Pervasive drive for autonomy. So basically what that means is His nervous system is set to a very high point as a rule almost all the time. Anything that his body or brain perceives as a demand, and it's a perception of a demand, it doesn't have to be an ostensibly like, I'm telling you to put your shoes on.
It can be very subtle, but that registers in his nervous system as a threat and that activates his fight or flight response. And it's that black and white and it's that immediate, but it's also... People who are experts in it describe it as a nervous system disability. It's a profile within autism, so it currently sits under the autistic umbrella as a neurotype.
I do think in time, I do think there's a lot of people from what I've read that would maybe be ADHD plus PDA and not necessarily autistic plus PDA. But right now, the diagnostic criteria means it lives under autism. Now, I'm pretty certain that my son is, even if you took away the PDA, he's autistic. But the PDA completely changes the nature of it.
It's kind of like walking on eggshells a lot of the time because you're either going to activate the nervous system and you're just trying to keep things calm. And it's all about safety and connection instead of... trying to hold a boundary for a boundary's sake, which is everything we've been taught and told about parenting.
Like, you know, how we define a good parent is how good you are at getting your child under control and how good a child is gets defined as how compliant they are, how obedient they are, how willing to do what you as the adult need them to do are. And anything that goes against that is totally less favourable in society.
So the PDA in and of itself is so challenging, but it's also culturally so challenging because it's so It's a relatively new term. It's a relatively new criteria. And a lot of time it can just look like a really bad behavior. And it looks like something that he could just choose not to do. But it's underneath that it's getting to the root of that, knowing that that is a nervous system response.
And it's often a can't, not a won't. But it looks like crappy parenting sometimes. It looks like you just... have no control.
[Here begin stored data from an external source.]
section \<open>The dilation argument on a half plane\<close>

lemma finite_compact_not_eventually:
  fixes K :: "'a::t2_space set"
  assumes "compact K" "\<And>z. \<forall>\<^sub>F v in at z. P v"
  shows "finite {z \<in> K. \<not> P z}"
proof -
  have "\<not> z islimpt {z. \<not> P z}" for z
    using assms(2)[of z] by (simp add: islimpt_conv_frequently_at frequently_def)
  then have "finite (K \<inter> {z. \<not> P z})" by (intro finite_not_islimpt_in_compact assms(1))
  then show ?thesis by (simp add: Int_def)
qed

lemma exists_funpow_of_escape:
  assumes "B x" "\<not> B ((f ^^ n) x)" "\<And>y. B y \<Longrightarrow> Q y \<or> B (f y)"
  shows "\<exists>j. Q ((f ^^ j) x)"
  using assms(1,2)
proof (induction n arbitrary: x)
  case (Suc n)
  then show ?case
    using assms(3)[of x] Suc.IH[of "f x"] by (metis funpow_0 funpow_Suc_right o_apply)
qed simp

locale half_plane_connection =
  fixes p :: nat and A0 A1 :: "complex^'n^'n" and m w V :: "complex \<Rightarrow> complex^'n^'n"
  assumes p_ge_2: "p \<ge> 2"
    and det_A0: "det A0 \<noteq> 0" and det_A1: "det A1 \<noteq> 0"
    and m_dilation:
      "\<And>u. Re u < 0 \<Longrightarrow> \<forall>\<^sub>F v in at u. m (of_nat p * v) = A1 ** m v ** matrix_inv A0"
    and w_m: "\<And>u. Re u < 0 \<Longrightarrow> \<forall>\<^sub>F v in at u. w v ** m v = V (exp v)"
    and w_regular: "\<And>u. \<forall>\<^sub>F v in at u. continuous_invertible_at w v"
    and V_regular: "\<And>z. z \<in> ball 0 1 \<Longrightarrow> \<forall>\<^sub>F y in at z. continuous_invertible_at V y"
begin

definition T :: "complex \<Rightarrow> complex^'n^'n" where
  "T v = V (exp (of_nat p * v)) ** A0 ** matrix_inv (V (exp v))"

definition Tsing :: "complex set" where
  "Tsing = exp ` {v. Re v < 0 \<and> \<not> has_invertible_limit T v}"

lemma p_gt_1: "real p > 1"
  using p_ge_2 by simp

lemma of_nat_p_nz: "(of_nat p :: complex) \<noteq> 0"
  using p_ge_2 by simp

lemma Re_scaled_neg: "Re v < 0 \<Longrightarrow> Re (of_nat p * v) < 0"
  using p_gt_1 by (simp add: mult_pos_neg)

lemma filterlim_scale_at: "filterlim (times (of_nat p)) (at (of_nat p * v)) (at (v::complex))"
  using filterlim_times_at[OF of_nat_p_nz] .

lemma has_invertible_limit_scaled:
  fixes F :: "complex \<Rightarrow> complex^'n^'n"
  shows "has_invertible_limit F (of_nat p * v) \<Longrightarrow> has_invertible_limit (\<lambda>y. F (of_nat p * y)) v"
  using has_invertible_limit_compose[of F "times (of_nat p)"] filterlim_scale_at by simp

lemma has_invertible_limit_unscaled:
  fixes F :: "complex \<Rightarrow> complex^'n^'n"
  assumes "has_invertible_limit (\<lambda>y. F (of_nat p * y)) v"
  shows "has_invertible_limit F (of_nat p * v)"
proof -
  have nz: "inverse (of_nat p :: complex) \<noteq> 0"
    using of_nat_p_nz by simp
  have "has_invertible_limit (\<lambda>y. F (of_nat p * y)) (inverse (of_nat p) * (of_nat p * v))"
    using assms of_nat_p_nz by (simp add: mult.assoc[symmetric])
  from has_invertible_limit_compose[OF this filterlim_times_at[OF nz]] show ?thesis
    using of_nat_p_nz by (simp add: mult.assoc[symmetric])
qed

lemma eventually_relations:
  assumes "Re u < 0"
  shows "\<forall>\<^sub>F v in at u.
    m (of_nat p * v) = A1 ** m v ** matrix_inv A0 \<and> w v ** m v = V (exp v) \<and>
    w (of_nat p * v) ** m (of_nat p * v) = V (exp (of_nat p * v)) \<and>
    det (w v) \<noteq> 0 \<and> det (V (exp v)) \<noteq> 0"
proof -
  have "\<forall>\<^sub>F v in at u. w (of_nat p * v) ** m (of_nat p * v) = V (exp (of_nat p * v))"
    using eventually_compose_filterlim[OF w_m[OF Re_scaled_neg[OF assms]] filterlim_scale_at]
    by simp
  moreover have "exp u \<in> ball 0 1"
    using assms by simp
  from eventually_compose_filterlim[OF V_regular[OF this] filterlim_exp_at]
  have "\<forall>\<^sub>F v in at u. det (V (exp v)) \<noteq> 0"
    by eventually_elim (simp add: continuous_invertible_at_def)
  moreover have "\<forall>\<^sub>F v in at u. det (w v) \<noteq> 0"
    using w_regular[of u] by eventually_elim (simp add: continuous_invertible_at_def)
  ultimately show ?thesis
    using m_dilation[OF assms] w_m[OF assms] by eventually_elim blast
qed

lemma eventually_m_eq:
  assumes "Re u < 0"
  shows "\<forall>\<^sub>F v in at u. m v = matrix_inv (w v) ** V (exp v)"
  using eventually_relations[OF assms]
proof eventually_elim
  case (elim v)
  then have "m v = (matrix_inv (w v) ** w v) ** m v"
    by (simp add: matrix_inv_det_nz)
  also have "\<dots> = matrix_inv (w v) ** V (exp v)"
    using elim by (simp add: matrix_mul_assoc[symmetric])
  finally show ?case .
qed

lemma eventually_T_eq:
  assumes "Re u < 0"
  shows "\<forall>\<^sub>F v in at u. T v = w (of_nat p * v) ** A1 ** matrix_inv (w v)"
  using eventually_relations[OF assms] eventually_m_eq[OF assms]
proof eventually_elim
  case (elim v)
  let ?iV = "matrix_inv (V (exp v))"
  have "T v = w (of_nat p * v) ** A1 ** matrix_inv (w v) **
              (V (exp v) ** (matrix_inv A0 ** A0) ** ?iV)"
    using elim unfolding T_def by (metis matrix_mul_assoc)
  also have "\<dots> = w (of_nat p * v) ** A1 ** matrix_inv (w v)"
    using elim det_A0 by (simp add: matrix_inv_det_nz)
  finally show ?case .
qed

lemma eventually_T_V_eq:
  assumes "Re u < 0"
  shows "\<forall>\<^sub>F v in at u. T v ** V (exp v) = V (exp (of_nat p * v)) ** A0"
  using eventually_relations[OF assms]
proof eventually_elim
  case (elim v)
  have "T v ** V (exp v) =
        V (exp (of_nat p * v)) ** A0 ** (matrix_inv (V (exp v)) ** V (exp v))"
    unfolding T_def by (simp add: matrix_mul_assoc)
  with elim show ?case
    by (simp add: matrix_inv_det_nz)
qed

lemma has_invertible_limit_T:
  assumes "Re v < 0" "has_invertible_limit w v" "has_invertible_limit w (of_nat p * v)"
  shows "has_invertible_limit T v"
proof -
  have "has_invertible_limit (\<lambda>y. w (of_nat p * y) ** A1 ** matrix_inv (w y)) v"
    using assms det_A1
    by (intro has_invertible_limit_mult has_invertible_limit_matrix_inv
        has_invertible_limit_const has_invertible_limit_scaled)
  then show ?thesis
    by (rule has_invertible_limit_cong)
      (use eventually_T_eq[OF assms(1)] in \<open>eventually_elim, simp\<close>)
qed

lemma has_invertible_limit_m:
  assumes "Re u < 0" "has_invertible_limit w u" "has_invertible_limit (\<lambda>v. V (exp v)) u"
  shows "has_invertible_limit m u"
proof -
  have "has_invertible_limit (\<lambda>v. matrix_inv (w v) ** V (exp v)) u"
    using assms by (intro has_invertible_limit_mult has_invertible_limit_matrix_inv)
  then show ?thesis
    by (rule has_invertible_limit_cong)
      (use eventually_m_eq[OF assms(1)] in \<open>eventually_elim, simp\<close>)
qed

lemma has_invertible_limit_V_exp_descent:
  assumes "Re v < 0" "has_invertible_limit T v"
    and "has_invertible_limit (\<lambda>y. V (exp y)) (of_nat p * v)"
  shows "has_invertible_limit (\<lambda>y. V (exp y)) v"
proof -
  have "has_invertible_limit (\<lambda>y. matrix_inv (T y) ** (V (exp (of_nat p * y)) ** A0)) v"
    using assms det_A0
    by (intro has_invertible_limit_mult has_invertible_limit_matrix_inv
        has_invertible_limit_const has_invertible_limit_scaled[where F = "\<lambda>y. V (exp y)"])
  moreover have "\<forall>\<^sub>F y in at v. matrix_inv (T y) ** (V (exp (of_nat p * y)) ** A0) = V (exp y)"
    using eventually_T_V_eq[OF assms(1)] has_invertible_limit_eventually_det_nz[OF assms(2)]
  proof eventually_elim
    case (elim y)
    then have "V (exp y) = (matrix_inv (T y) ** T y) ** V (exp y)"
      by (simp add: matrix_inv_det_nz)
    also have "\<dots> = matrix_inv (T y) ** (V (exp (of_nat p * y)) ** A0)"
      using elim by (simp add: matrix_mul_assoc[symmetric])
    finally show ?case by simp
  qed
  ultimately show ?thesis by (rule has_invertible_limit_cong)
qed

lemma has_invertible_limit_w_ascent:
  assumes "Re v < 0" "has_invertible_limit T v" "has_invertible_limit w v"
  shows "has_invertible_limit w (of_nat p * v)"
proof -
  have "has_invertible_limit (\<lambda>y. T y ** w y ** matrix_inv A1) v"
    using assms det_A1
    by (intro has_invertible_limit_mult has_invertible_limit_matrix_inv has_invertible_limit_const)
  moreover have "\<forall>\<^sub>F y in at v. T y ** w y ** matrix_inv A1 = w (of_nat p * y)"
    using eventually_T_eq[OF assms(1)] eventually_relations[OF assms(1)]
  proof eventually_elim
    case (elim y)
    then have "T y ** w y ** matrix_inv A1 =
               w (of_nat p * y) ** (A1 ** (matrix_inv (w y) ** w y) ** matrix_inv A1)"
      by (simp add: matrix_mul_assoc)
    with elim det_A1 show ?case by (simp add: matrix_inv_det_nz)
  qed
  ultimately have "has_invertible_limit (\<lambda>y. w (of_nat p * y)) v"
    by (rule has_invertible_limit_cong)
  then show ?thesis by (rule has_invertible_limit_unscaled)
qed

lemma T_exp_cong: "exp y = exp y' \<Longrightarrow> T y = T y'"
  unfolding T_def by (simp add: exp_of_nat_mult)

lemma has_invertible_limit_T_exp_cong:
  assumes "exp v = exp v'" "has_invertible_limit T v"
  shows "has_invertible_limit T v'"
proof -
  have "has_invertible_limit (\<lambda>y. T (y + (v - v'))) v'"
    using has_invertible_limit_compose[OF _ filterlim_plus_at, of T v' "v - v'"] assms(2)
    by simp
  moreover have "T (y + (v - v')) = T y" for y
    by (rule T_exp_cong) (use assms(1) in \<open>simp add: exp_add exp_diff\<close>)
  ultimately show ?thesis by simp
qed

lemma V_exp_regular_far_left:
  obtains c where "c < 0" "\<And>v. Re v < c \<Longrightarrow> continuous_invertible_at (\<lambda>y. V (exp y)) v"
proof -
  obtain d where d: "d > 0" "\<And>y. y \<noteq> 0 \<Longrightarrow> norm y < d \<Longrightarrow> continuous_invertible_at V y"
    using V_regular[of 0] unfolding eventually_at by (auto simp: dist_norm)
  have "continuous_invertible_at (\<lambda>y. V (exp y)) v" if "Re v < min (-1) (ln d)" for v
  proof (rule continuous_invertible_at_compose[where F = V and f = exp])
    have "norm (exp v) = exp (Re v)" by simp
    also have "\<dots> < exp (ln d)" using that by simp
    finally have "norm (exp v) < d" using d(1) by simp
    then show "continuous_invertible_at V (exp v)" using d(2) by simp
  qed (intro continuous_intros)
  then show ?thesis using that[of "min (-1) (ln d)"] by simp
qed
And I think, I mean, in my experience, parents arrive at PDA after a very long time of trying all the traditional parenting approaches and it not only not working, but making things so much worse for everyone in the family.
And we all have absorbed those messages of how kids need boundaries. They need them to feel safe. So I'm, I was pushing and pushing this whole time being like, I have to be the, I'm the one in charge. I'm the calm, confident leader. And
But for him, for a PDA child, that sort of being above him, having that hierarchy where I'm like, no, I'm going here because I'm the parent and I get to decide that and you're the child. It's a recipe for disaster, even for a five-year-old PDA kid.